─── Records shown ───
(* Let $0<s<1$ and $\mathcal{D}_{<s}=\mathcal{D}_{\leq s}\setminus\mathcal{D}_s=\{x\in2^\omega:dim(x)<s\}$. If $f$ is a gauge function such that $x^{-1}f(x)$ is monotonically decreasing, then $H^f(\mathcal{D}_{<s})=0$ if and only if $f(x)\leq^* x^r$ for every $r\in(0,s)$. Moreover, $\mathcal{D}_{<s}$ has Hausdorff dimension $s$ and $H^s(\mathcal{D}_{<s})=0$, where $H^s=H^{f}$ for $f(x)=x^s$.
   Context: A gauge function is a continuous non-decreasing $f:\mathbb{R}^+\to\mathbb{R}^+$ with $\lim_{x\to0^+}f(x)=0$. For $A\subseteq2^\omega$, $H^f(A)=\lim_{n\to\infty}\inf\{\sum_i f(2^{-|\sigma_i|}):\bigcup_i[\sigma_i]\supseteq A,\ \forall i\ |\sigma_i|\geq n\}$, where $[\sigma]$ is the set of infinite binary sequences extending the finite string $\sigma$. $f(x)\leq^* g(x)$ means there is $\delta>0$ with $f(x)\leq g(x)$ for all $x\in(0,\delta)$. $K$ is prefix-free Kolmogorov complexity, $dim(x)=\liminf_{n\to\infty}K(x\upharpoonright n)/n$ for $x\in2^\omega$, $\mathcal{D}_s=\{x:dim(x)=s\}$, $\mathcal{D}_{\le s}=\{x:dim(x)\le s\}$. *)

theory Defs
  imports Complex_Main "HOL-Library.Extended_Real" "HOL-Analysis.Analysis"
begin

type_synonym seq = "nat \<Rightarrow> bool"

definition cyl :: "bool list \<Rightarrow> seq set" where
  "cyl \<sigma> = {x. \<forall>i<length \<sigma>. x i = \<sigma> ! i}"

definition restr :: "seq \<Rightarrow> nat \<Rightarrow> bool list" where
  "restr x n = map x [0..<n]"

definition gauge :: "(real \<Rightarrow> real) \<Rightarrow> bool" where
  "gauge f \<longleftrightarrow> continuous_on {0<..} f \<and> mono_on {0<..} f \<and>
     (\<forall>x>0. f x > 0) \<and> (f \<longlongrightarrow> 0) (at_right 0)"

definition hausdorff :: "(real \<Rightarrow> real) \<Rightarrow> seq set \<Rightarrow> ennreal" where
  "hausdorff f A = (SUP n. INF S \<in> {S. A \<subseteq> (\<Union>\<sigma>\<in>S. cyl \<sigma>) \<and> (\<forall>\<sigma>\<in>S. length \<sigma> \<ge> n)}.
      (\<Sum>\<^sub>\<infinity>\<sigma>\<in>S. ennreal (f (2 powr (- real (length \<sigma>))))))"

definition le_star :: "(real \<Rightarrow> real) \<Rightarrow> (real \<Rightarrow> real) \<Rightarrow> bool" where
  "le_star f g \<longleftrightarrow> (\<exists>\<delta>>0. \<forall>x. 0 < x \<and> x < \<delta> \<longrightarrow> f x \<le> g x)"

definition hdim :: "seq set \<Rightarrow> real" where
  "hdim A = Inf {t. t \<ge> 0 \<and> hausdorff (\<lambda>x. x powr t) A = 0}"

datatype recf = Z | S | Proj nat | Comp recf "recf list" | Prec recf recf | Mu recf

inductive eval :: "recf \<Rightarrow> nat list \<Rightarrow> nat \<Rightarrow> bool" where
  eval_Z: "eval Z xs 0"
| eval_S: "eval S (x # xs) (Suc x)"
| eval_Proj: "i < length xs \<Longrightarrow> eval (Proj i) xs (xs ! i)"
| eval_Comp: "length ys = length gs \<Longrightarrow> (\<forall>i<length gs. eval (gs ! i) xs (ys ! i)) \<Longrightarrow>
     eval f ys z \<Longrightarrow> eval (Comp f gs) xs z"
| eval_Prec0: "eval f xs z \<Longrightarrow> eval (Prec f g) (0 # xs) z"
| eval_PrecS: "eval (Prec f g) (n # xs) r \<Longrightarrow> eval g (r # n # xs) z \<Longrightarrow>
     eval (Prec f g) (Suc n # xs) z"
| eval_Mu: "eval f (n # xs) 0 \<Longrightarrow> (\<forall>m<n. \<exists>y. y \<noteq> 0 \<and> eval f (m # xs) y) \<Longrightarrow>
     eval (Mu f) xs n"

text \<open>Bijective binary coding of binary strings by natural numbers.\<close>
primrec enc :: "bool list \<Rightarrow> nat" where
  "enc [] = 0"
| "enc (b # bs) = (if b then 2 else 1) + 2 * enc bs"

definition runs :: "recf \<Rightarrow> bool list \<Rightarrow> bool list \<Rightarrow> bool" where
  "runs M p q \<longleftrightarrow> eval M [enc p] (enc q)"

definition prefix_free_machine :: "recf \<Rightarrow> bool" where
  "prefix_free_machine M \<longleftrightarrow>
     (\<forall>p p' q q'. runs M p q \<and> runs M p' q' \<and> (\<exists>r. p' = p @ r) \<longrightarrow> p = p')"

definition KM :: "recf \<Rightarrow> bool list \<Rightarrow> enat" where
  "KM M \<sigma> = (INF p \<in> {p. runs M p \<sigma>}. enat (length p))"

definition optimal_pf :: "recf \<Rightarrow> bool" where
  "optimal_pf U \<longleftrightarrow> prefix_free_machine U \<and>
     (\<forall>M. prefix_free_machine M \<longrightarrow> (\<exists>c::nat. \<forall>\<sigma>. KM U \<sigma> \<le> KM M \<sigma> + enat c))"

text \<open>Prefix-free Kolmogorov complexity relative to U (finite for optimal U).\<close>
definition K :: "recf \<Rightarrow> bool list \<Rightarrow> nat" where
  "K U \<sigma> = the_enat (KM U \<sigma>)"

definition dim :: "recf \<Rightarrow> seq \<Rightarrow> ereal" where
  "dim U x = liminf (\<lambda>n. ereal (real (K U (restr x n)) / real n))"

definition D_lt :: "recf \<Rightarrow> real \<Rightarrow> seq set" where
  "D_lt U s = {x. dim U x < ereal s}"

end

theory Submission
  imports Defs "HOL-Library.Sublist" "HOL-Library.Log_Nat"
begin

text \<open>Upper bound: a sequence of dimension below s has, for some a < s, infinitely many prefixes
  \<sigma> with K(\<sigma>) < a |\<sigma>|, so these prefixes cover D_<s. If f(x) \<le> x^b near 0 with a < b < s,
  every long such \<sigma> has weight f(2^-|\<sigma>|) \<le> \<epsilon> 2^-K(\<sigma>), and Kraft's inequality bounds the
  weight of the cover by \<epsilon>.

  Lower bound: if f(x) > x^r for arbitrarily small x and some r < s, choose rapidly increasing
  scales a_j where this happens and let E be the set of sequences vanishing outside the blocks
  [a_j, a_j + r a_(j+1)). The prefix of length a_(j+1) of a sequence in E is a string of length
  about r a_(j+1) padded with zeros, which a fixed prefix-free decoder describes with logarithmic
  overhead, so E \<subseteq> D_<s. The uniform measure on E gives every cylinder of length n mass at most
  f(2^-n)/c, hence H^f(E) \<ge> c > 0 by the mass distribution principle. The statements about H^s
  and the Hausdorff dimension are the case f(x) = x^t.\<close>

lemma enc_append: "enc (u @ v) = enc u + 2 ^ length u * enc v"
  by (induction u) (auto simp: algebra_simps)

lemma enc_bounds: "2 ^ length u \<le> enc u + 1 \<and> enc u + 1 < 2 ^ Suc (length u)"
  by (induction u) auto

lemma length_eq_if_enc_bounds:
  assumes "2 ^ k \<le> enc u + 1" and "enc u + 1 < 2 ^ Suc k"
  shows "length u = k"
proof -
  have "(2::nat) ^ k < 2 ^ Suc (length u)" "(2::nat) ^ length u < 2 ^ Suc k"
    using assms enc_bounds[of u] by linarith+
  then show ?thesis by (simp only: power_strict_increasing_iff)
qed

lemma enc_eq_iff [simp]: "enc u = enc v \<longleftrightarrow> u = v"
proof (induction u arbitrary: v)
  case Nil then show ?case by (cases v) auto
next
  case (Cons a u)
  show ?case
  proof (cases v)
    case (Cons b v')
    have "enc (a # u) = enc (b # v') \<longleftrightarrow> a = b \<and> enc u = enc v'" by (cases a; cases b; simp; presburger)
    then show ?thesis using Cons.IH Cons by simp
  qed simp
qed

lemma enc_surj: "surj enc"
proof -
  have "\<exists>u. enc u = n" for n
  proof (induction n rule: less_induct)
    case (less n)
    consider "n = 0" | "odd n" | "even n" "n \<noteq> 0" by blast
    then show ?case
    proof cases
      case 1 then show ?thesis by (intro exI[of _ "[]"]) simp
    next
      case 2
      have "(n - 1) div 2 < n" using 2 by (cases n) auto
      then obtain u where "enc u = (n - 1) div 2" using less by blast
      then have "enc (False # u) = n" using 2 by simp
      then show ?thesis ..
    next
      case 3
      have "(n - 2) div 2 < n" using 3 by simp
      then obtain u where "enc u = (n - 2) div 2" using less by blast
      then have "enc (True # u) = n" using 3 by simp presburger
      then show ?thesis ..
    qed
  qed
  then show ?thesis by (metis surjI)
qed

lemma enc_of_length_exists:
  assumes "x < 2 ^ c"
  shows "\<exists>u. length u = c \<and> enc u = x + 2 ^ c - 1"
proof -
  obtain u where u: "enc u = x + 2 ^ c - 1" using enc_surj by (metis surjD)
  then have "length u = c" using assms by (intro length_eq_if_enc_bounds) auto
  then show ?thesis using u by blast
qed

lemma enc_replicate_False: "enc (replicate m False) + 1 = 2 ^ m"
  by (induction m) auto

lemma odd_enc_iff: "odd (enc p) \<longleftrightarrow> p \<noteq> [] \<and> \<not> hd p"
  by (cases p) auto

definition tl_code :: "nat \<Rightarrow> nat" where
  "tl_code x = (x - 1) div 2"

definition drop_code :: "nat \<Rightarrow> nat \<Rightarrow> nat" where
  "drop_code k = tl_code ^^ k"

lemma tl_code_enc: "tl_code (enc p) = enc (tl p)"
  by (cases p) (auto simp: tl_code_def)

lemma drop_code_enc: "drop_code k (enc p) = enc (drop k p)"
  by (induction k) (auto simp: drop_code_def tl_code_enc drop_Suc tl_drop)

section \<open>Total functions computed by recursive programs\<close>

inductive_cases eval_ZE: "eval Z xs z"
inductive_cases eval_SE: "eval S xs z"
inductive_cases eval_ProjE: "eval (Proj i) xs z"
inductive_cases eval_CompE: "eval (Comp f gs) xs z"
inductive_cases eval_PrecE: "eval (Prec f g) xs z"
inductive_cases eval_MuE: "eval (Mu f) xs z"

lemma eval_deterministic: "eval f xs z \<Longrightarrow> eval f xs z' \<Longrightarrow> z = z'"
proof (induction f xs z arbitrary: z' rule: eval.induct)
  case (eval_Comp ys gs xs f z)
  from eval_Comp.prems obtain ys' where ys': "length ys' = length gs"
    "\<forall>i<length gs. eval (gs ! i) xs (ys' ! i)" "eval f ys' z'"
    by (auto elim: eval_CompE)
  have "ys = ys'"
    using eval_Comp.hyps(1) eval_Comp.IH(1) ys'(1,2) by (auto intro: nth_equalityI)
  then show ?case using eval_Comp.IH(2) ys'(3) by simp
next
  case (eval_Prec0 f xs z g)
  from eval_Prec0.prems show ?case by (rule eval_PrecE) (use eval_Prec0.IH in auto)
next
  case (eval_PrecS f g n xs r z)
  from eval_PrecS.prems show ?case by (rule eval_PrecE) (use eval_PrecS.IH in blast)+
next
  case (eval_Mu f n xs)
  from eval_Mu.prems have "eval f (z' # xs) 0" "\<forall>m<z'. \<exists>y. y \<noteq> 0 \<and> eval f (m # xs) y"
    by (rule eval_MuE, blast)+
  with eval_Mu.IH show ?case by (metis linorder_cases)
qed (auto elim: eval_ZE eval_SE eval_ProjE)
───
- Task statement: Every line from the data above that contains "induction" must appear in the answer.

- Solution for this exercise:
  by (induction u) (auto simp: algebra_simps)
  by (induction u) auto
proof (induction u arbitrary: v)
  proof (induction n rule: less_induct)
  by (induction m) auto
  by (induction k) (auto simp: drop_code_def tl_code_enc drop_Suc tl_drop)
proof (induction f xs z arbitrary: z' rule: eval.induct)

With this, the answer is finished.